Giuliani avrà un ruolo nell'esecutivo di Trump perché "disoccupato". Carson vuol "riscrivere i libri di scuola negando l'evoluzione" e Bannon, editore di un giornale ebraico e consigliere del Presidente, è diventato l'"antisemita". Il giornalista collettivo ha perso il controllo

carta stampataDurante gli Anni di piombo i comitati approvano le notizie da pubblicate. Chi li ha vissuti racconta anche di rotative fermate perché sul Corriere della Sera campeggiava un pezzo sgradito a certi compagni. L’idea di dover indottrinare, dirigere l’opinione sicuri di maneggiare il verbo non scandalizzava. Oggi buona parte della stampa nostrana ammanta una certa superiorità morale, un distacco dai fatti tale per cui certe verità sarebbero tali perché impacchettate con onestà, o giustezza della visione. Questi sono i diretti eredi di quegli anni, e mentono. A volte sapendo di mentire altre convinti di esser nella ragione, che è drammaticamente peggio. Le elezioni presidenziali americane in questo senso sono state illuminanti. Il mainstream internazionale ha dato il meglio (leggasi anche peggio) di sé. L’attuale Presidente degli Stati Uniti ha dovuto sfidare da solo i grandi clan americani, battendo sia i Bush che i Clinton. Pressoché l’intero Partito repubblicano. I giornalisti di mezzo mondo, s’è pagato quasi interamente la campagna elettorale e ha avuto contro l’establishment ad ogni livello. Ha vinto, democraticamente, con una forza che dovrebbe far tacere e riflettere.

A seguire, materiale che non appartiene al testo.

text \<open>Let G have M = q N edges, N = n choose r, and let m = p N. Choose an m-edge subgraph F of G
uniformly at random. A Hamiltonian cycle of G has c \<le> n edges, so it survives in F with probability
(M - c choose m - c) / (M choose m) \<ge> ((m - n) / M)^n; averaging over F gives
H_r(n, p) \<ge> ((m - n) / M)^n H(G). As N \<ge> n (n - 1) / 2 once 2 r \<le> n, the ratio (m - n) / M is at
least (p / q) (1 - 2 / (p (n - 1))), whose n-th power is (p / q)^n e^(-2/p) (1 - o(1)).\<close>

lemma ham_cycles_conv:
  "ham_cycles n r E = {C \<in> {cycle_edges n r v | v. bij_betw v {..<n} {..<n}}. C \<subseteq> E}"
  unfolding ham_cycles_def cycle_edges_def by blast

lemma ham_cycles_subgraph:
  "F \<subseteq> E \<Longrightarrow> ham_cycles n r F = {C \<in> ham_cycles n r E. C \<subseteq> F}"
  unfolding ham_cycles_conv by blast

lemma ham_cycle_subset: "C \<in> ham_cycles n r E \<Longrightarrow> C \<subseteq> E"
  unfolding ham_cycles_conv by blast

lemma card_cycle_edges_le: "card (cycle_edges n r v) \<le> n"
proof -
  have "cycle_edges n r v = (\<lambda>i. {v ((i + j) mod n) | j. j < r}) ` {..<n}"
    unfolding cycle_edges_def by auto
  then show ?thesis
    using card_image_le[of "{..<n}" "\<lambda>i. {v ((i + j) mod n) | j. j < r}"] by simp
qed

lemma card_ham_cycle_le: "C \<in> ham_cycles n r E \<Longrightarrow> card C \<le> n"
  unfolding ham_cycles_conv using card_cycle_edges_le by blast

lemma finite_ham_cycles: "finite E \<Longrightarrow> finite (ham_cycles n r E)"
  by (meson Pow_iff finite_Pow_iff finite_subset ham_cycle_subset subsetI)

lemma finite_r_graph: "r_graph n r E \<Longrightarrow> finite E"
  unfolding r_graph_def by (rule finite_subset[of _ "Pow {..<n}"]) auto

lemma num_ham_le_H_max:
  assumes "r_graph n r F" "real (card F) = p * real (n choose r)"
  shows "num_ham n r F \<le> H_max r n p"
proof -
  have "{num_ham n r E | E. r_graph n r E \<and> real (card E) = p * real (n choose r)}
        \<subseteq> num_ham n r ` Pow (Pow {..<n})"
    unfolding r_graph_def by (auto intro!: imageI)
  then have "finite {num_ham n r E | E. r_graph n r E \<and> real (card E) = p * real (n choose r)}"
    by (rule finite_subset) auto
  then show ?thesis
    unfolding H_max_def by (rule Max_ge) (use assms in blast)
qed

lemma binomial_ratio_ge_power:
  "k \<le> m \<Longrightarrow> m \<le> M \<Longrightarrow>
   real (M choose m) * ((real m - real k) / real M) ^ k \<le> real ((M - k) choose (m - k))"
proof (induction k arbitrary: M m)
  case 0
  then show ?case by simp
next
  case (Suc k)
  obtain m' M' where m': "m = Suc m'" and M': "M = Suc M'"
    using Suc.prems by (cases m; cases M) auto
  have km: "k \<le> m'" "m' \<le> M'" using Suc.prems m' M' by auto
  define a where "a = real m' - real k"
  have a: "0 \<le> a" "a \<le> real (Suc m')" using km by (auto simp: a_def)
  have step: "real (Suc M' choose Suc m') = real (Suc M') / real (Suc m') * real (M' choose m')"
    using Suc_times_binomial_eq[of M' m'] by (simp add: field_simps flip: of_nat_mult)
  have shrink: "(a / real (Suc M')) ^ k \<le> (a / real M') ^ k"
    using a km by (cases "k = 0") (auto intro!: power_mono frac_le)
  have cancel: "S / s * B * (a / S * P) = a / s * (B * P)" if "S > 0" for S s B P :: real
    using that by (simp add: field_simps)
  have "real (M choose m) * ((real m - real (Suc k)) / real M) ^ Suc k
      = a / real (Suc m') * (real (M' choose m') * (a / real (Suc M')) ^ k)"
    unfolding m' M' step power_Suc by (simp add: a_def cancel)
  also have "\<dots> \<le> 1 * (real (M' choose m') * (a / real M') ^ k)"
    using a shrink by (intro mult_mono mult_left_mono) auto
  also have "\<dots> \<le> real ((M' - k) choose (m' - k))"
    using Suc.IH km unfolding a_def by simp
  finally show ?case using m' M' by simp
qed

lemma card_supersets:
  assumes "finite E" "C \<subseteq> E" "card C \<le> m"
  shows "card {F. F \<subseteq> E \<and> card F = m \<and> C \<subseteq> F} = (card E - card C) choose (m - card C)"
proof -
  have fin: "finite C" using assms finite_subset by blast
  have "bij_betw (\<lambda>G. G \<union> C) {G. G \<subseteq> E - C \<and> card G = m - card C}
                               {F. F \<subseteq> E \<and> card F = m \<and> C \<subseteq> F}"
  proof (rule bij_betw_byWitness[where f' = "\<lambda>F. F - C"])
    show "(\<lambda>G. G \<union> C) ` {G. G \<subseteq> E - C \<and> card G = m - card C}
          \<subseteq> {F. F \<subseteq> E \<and> card F = m \<and> C \<subseteq> F}"
    proof (rule image_subsetI)
      fix G assume G: "G \<in> {G. G \<subseteq> E - C \<and> card G = m - card C}"
      then have "finite G" using assms(1) finite_subset by blast
      then have "card (G \<union> C) = card G + card C" using G fin by (intro card_Un_disjoint) auto
      then show "G \<union> C \<in> {F. F \<subseteq> E \<and> card F = m \<and> C \<subseteq> F}" using G assms by auto
    qed
    show "(\<lambda>F. F - C) ` {F. F \<subseteq> E \<and> card F = m \<and> C \<subseteq> F}
          \<subseteq> {G. G \<subseteq> E - C \<and> card G = m - card C}"
      using fin by (auto simp: card_Diff_subset)
  qed auto
  then show ?thesis
    using n_subsets[of "E - C" "m - card C"] assms fin
    by (simp add: bij_betw_same_card card_Diff_subset)
qed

Invece la colleganza ha perso la testa, il giornalista collettivo non ce la fa ad accettare quell’uomo libero, lontano dal politicamente corretto, incompatibile col bigino radical. Prima considerato un fantoccio incandidabile, poi un buffone a margine di una gara che non l’avrebbe visto arrivare in finale, ora il male assoluto dell’Occidente e del mondo. Trump, l’aveva detto un anno fa Maria Giovanna Maglie in splendida solitudine, non era e non è nulla di tutto questo. Ma quella fascia di democratici (?), tolleranti, amici dei diritti non lo accetta. Allora dopo il cartello contro la moglie del sessista Donald – rupe Melania, ovvero stuprate Melania – divulgano vere e proprie panzane alternate a letture folli della realtà. Ad esempio, la nomina di Steve Bannon a chief strategist di Donald Trump ha scatenato l’inferno. Il Fatto Quotidiano riprende quel che rimbalza trasversalmente su quasi tutte le testate, nostrane e no: con Bannon arriva ai vertici della più grande potenza mondiale un esponente della destra radicale – una galassia composta di sigle che vanno dai suprematisti bianchi ai gruppi di neo-nazi – fino a ora confinata principalmente allo spazio virtuale del web: organizzazioni unite dalla convinzione che “l’identità bianca” e la “civiltà occidentale” siano sotto attacco da parte della società multiculturale e dominata dalla political correctness. Prima di ghiacciarvi di paura riassumiamo velocemente di chi parliamo. Questo signore, Bannon, è l’editore di Breitbart News. Ovvero, il “noto antisemita”, edita un giornale fondato da un ebreo, con una sede a Gerusalemme, che difende Israele dai boicottatori del Bds, dichiaratamente filo-israeliano e attento a denunciare il neo-antisemitismo europeo.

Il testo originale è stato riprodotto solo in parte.